Hallelujah! We can finally share that Aaron and I are planning to adopt! I feel like I have been keeping this excitement and happiness a secret, and can finally let it out!
This has really been a long time coming for us as we had started talking about it at the end of last year. Our initial reaction to our research was that it was complicated, and way too expensive to do. So, we continued with fertility treatments. (Surprisingly, that is the cheaper route to a family)
But the idea of adoption really sat with me and started growing in my heart, even as we struggled through our infertility. In February, while still going through our second round of IVF, I joined an online support group for Domestic Infant Adoption and talked to a couple of friends that I know have gone through the adoption process. After our second cycle failed, I started to read through the stories of those that have adopted, and what that experience has been like for them. It gave me some sort of hope that I really don’t think I had through all of the failures we endured trying to have a biological child. Before we even started our third IVF cycle, I felt like I already knew that we belonged on the path of adoption.

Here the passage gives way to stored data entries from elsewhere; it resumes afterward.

definition p_progress :: real where
  "p_progress = (1 / real n) ^ r * (1 - 1 / real n) ^ n"

lemma potential_nonneg: "0 \<le> potential x"
  by (simp add: potential_def)

lemma potential_le: "potential x \<le> 2 ^ n"
  by (auto simp: potential_def intro: power_increasing)

lemma p_progress_le_1: "p_progress \<le> 1"
  using n_pos by (auto simp: p_progress_def intro!: mult_le_one power_le_one)

lemma p_progress_le_pmf_mask:
  assumes m: "length m = n" and ones_m: "ones m \<le> r"
  shows "p_progress \<le> pmf (mask_pmf n 1) m"
proof -
  have "p_progress \<le> (1 / real n) ^ ones m * (1 - 1 / real n) ^ (n - ones m)"
    unfolding p_progress_def using n_pos ones_m by (intro mult_mono power_decreasing) auto
  then show ?thesis using pmf_mutation_mask[OF m] by simp
qed

lemma p_progress_ge: "(1 / real n) ^ r / 16 \<le> p_progress"
proof -
  have "exp 2 = exp (1 :: real) ^ 2" by (simp flip: exp_of_nat_mult)
  also have "\<dots> \<le> 3 ^ 2" by (intro power_mono exp_le) simp
  finally have "1 / 16 \<le> exp (- 2 :: real)" by (simp add: exp_minus field_simps)
  also have "exp (- 2) = exp (- 2 * (1 / real n) * real n)" using n_pos by simp
  also have "\<dots> \<le> (1 - 1 / real n) ^ n"
    by (rule exp_le_one_minus_power) (use n_gt r_pos in auto)
  finally have "(1 / real n) ^ r * (1 / 16) \<le> (1 / real n) ^ r * (1 - 1 / real n) ^ n"
    by (intro mult_left_mono) simp_all
  then show ?thesis by (simp add: p_progress_def)
qed

lemma potential_ea_step_le:
  assumes x: "length x = n" and m: "length m = n"
  shows "potential (ea_step n r x m) \<le> potential x"
proof (cases "peak x")
  case True
  then show ?thesis using peak_ea_step[OF m] by (simp add: potential_def)
next
  case not_peak: False
  let ?y = "map2 (\<noteq>) x m"
  show ?thesis
  proof (cases "fork n r x \<le> fork n r ?y")
    case accepted: True
    then have "ea_step n r x m = ?y" by (simp add: ea_step_def Let_def)
    moreover have "ones x \<le> ones ?y" if "\<not> peak ?y"
      using accepted not_peak that by (simp add: fork_not_peak)
    ultimately show ?thesis
      using not_peak potential_nonneg[of x] by (auto simp: potential_def intro: power_increasing)
  next
    case False
    then show ?thesis by (simp add: ea_step_def Let_def)
  qed
qed

text \<open>From a non-peak string a single mutation of probability at least p_progress halves the
  potential: flip a zero bit, or, from the all-ones string, flip the first r bits to reach the trap.\<close>

lemma potential_flip_zero_bit:
  assumes x: "length x = n" "\<not> peak x" and j: "j < n" "\<not> x ! j"
  shows "potential (ea_step n r x (map (\<lambda>k. k = j) [0..<n])) \<le> potential x / 2"
proof -
  let ?y = "map2 (\<noteq>) x (map (\<lambda>k. k = j) [0..<n])"
  have "{i. i < length ?y \<and> ?y ! i} = insert j {i. i < length x \<and> x ! i}"
    using x j by auto
  then have ones_y: "ones ?y = Suc (ones x)"
    using j by (simp add: ones_eq_card)
  then have "fork n r x \<le> fork n r ?y"
    using ones_le_fork[of ?y] fork_not_peak[OF x(2)] x by simp
  then have "ea_step n r x (map (\<lambda>k. k = j) [0..<n]) = ?y"
    by (simp add: ea_step_def Let_def)
  moreover have "n - ones x = Suc (n - ones ?y)"
    using ones_y ones_le_length[of ?y] x by simp
  ultimately show ?thesis
    using x by (simp add: potential_def)
qed

lemma ea_step_all_ones: "ea_step n r (replicate n True) (replicate r True @ replicate (n - r) False) = trap"
proof -
  have flip: "map2 (\<noteq>) (replicate n True) (replicate r True @ replicate (n - r) False) = trap"
    using n_gt by (intro nth_equalityI) (auto simp: nth_trap nth_append)
  have "ones trap = n - r" "ones opt = n - r"
    by (simp_all add: trap_def opt_def)
  then have "\<not> peak (replicate n True)"
    using n_gt r_pos by (auto simp: peak_def dest: arg_cong[where f = ones])
  then have "fork n r (replicate n True) \<le> fork n r trap"
    by (simp add: fork_not_peak) (simp add: fork_eq)
  then show ?thesis
    unfolding ea_step_def Let_def flip by simp
qed

lemma progress_mask_exists:
  assumes x: "length x = n" "\<not> peak x"
  obtains m where "length m = n" "ones m \<le> r" "potential (ea_step n r x m) \<le> potential x / 2"
proof (cases "\<exists>j<n. \<not> x ! j")
  case True
  then obtain j where j: "j < n" "\<not> x ! j" by blast
  have "{i. i < n \<and> map (\<lambda>k. k = j) [0..<n] ! i} = {j}" using j by auto
  then have "ones (map (\<lambda>k. k = j) [0..<n]) = 1"
    by (simp add: ones_eq_card)
  with r_pos show ?thesis
    by (intro that[OF _ _ potential_flip_zero_bit[OF x j]]) simp_all
next
  case False
  then have "x = replicate n True"
    using x by (intro nth_equalityI) auto
  then have "ea_step n r x (replicate r True @ replicate (n - r) False) = trap"
    by (simp add: ea_step_all_ones)
  moreover have "potential trap = 0" by (simp add: potential_def peak_def)
  ultimately show ?thesis
    using that[of "replicate r True @ replicate (n - r) False"] n_gt potential_nonneg[of x] by simp
qed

I think the inertia and extra embryos we had frozen from our previous IVF cycle kept us on the track of treatments, though, even though we both knew going into our third cycle, it didn’t feel quite right. As we all know now, that third cycle was hell. I didn’t feel my heart quite in it, often even thinking to myself that I wish it would just hurry up and end so we can get started with something that might actually work. The hormones and emotions were awful, and still make me cringe to think about it now. But after that cycle was cancelled, Aaron and I grieved what we knew was then behind us, and got to work with figuring out how to make adoption work for us.
And what a busy time that has been! Finally, even though just at the beginning of this new process, we feel happier and just SO ready to start this new chapter together. It makes me tear up just trying to think of how to explain how RIGHT this feels in comparison to what we were doing before.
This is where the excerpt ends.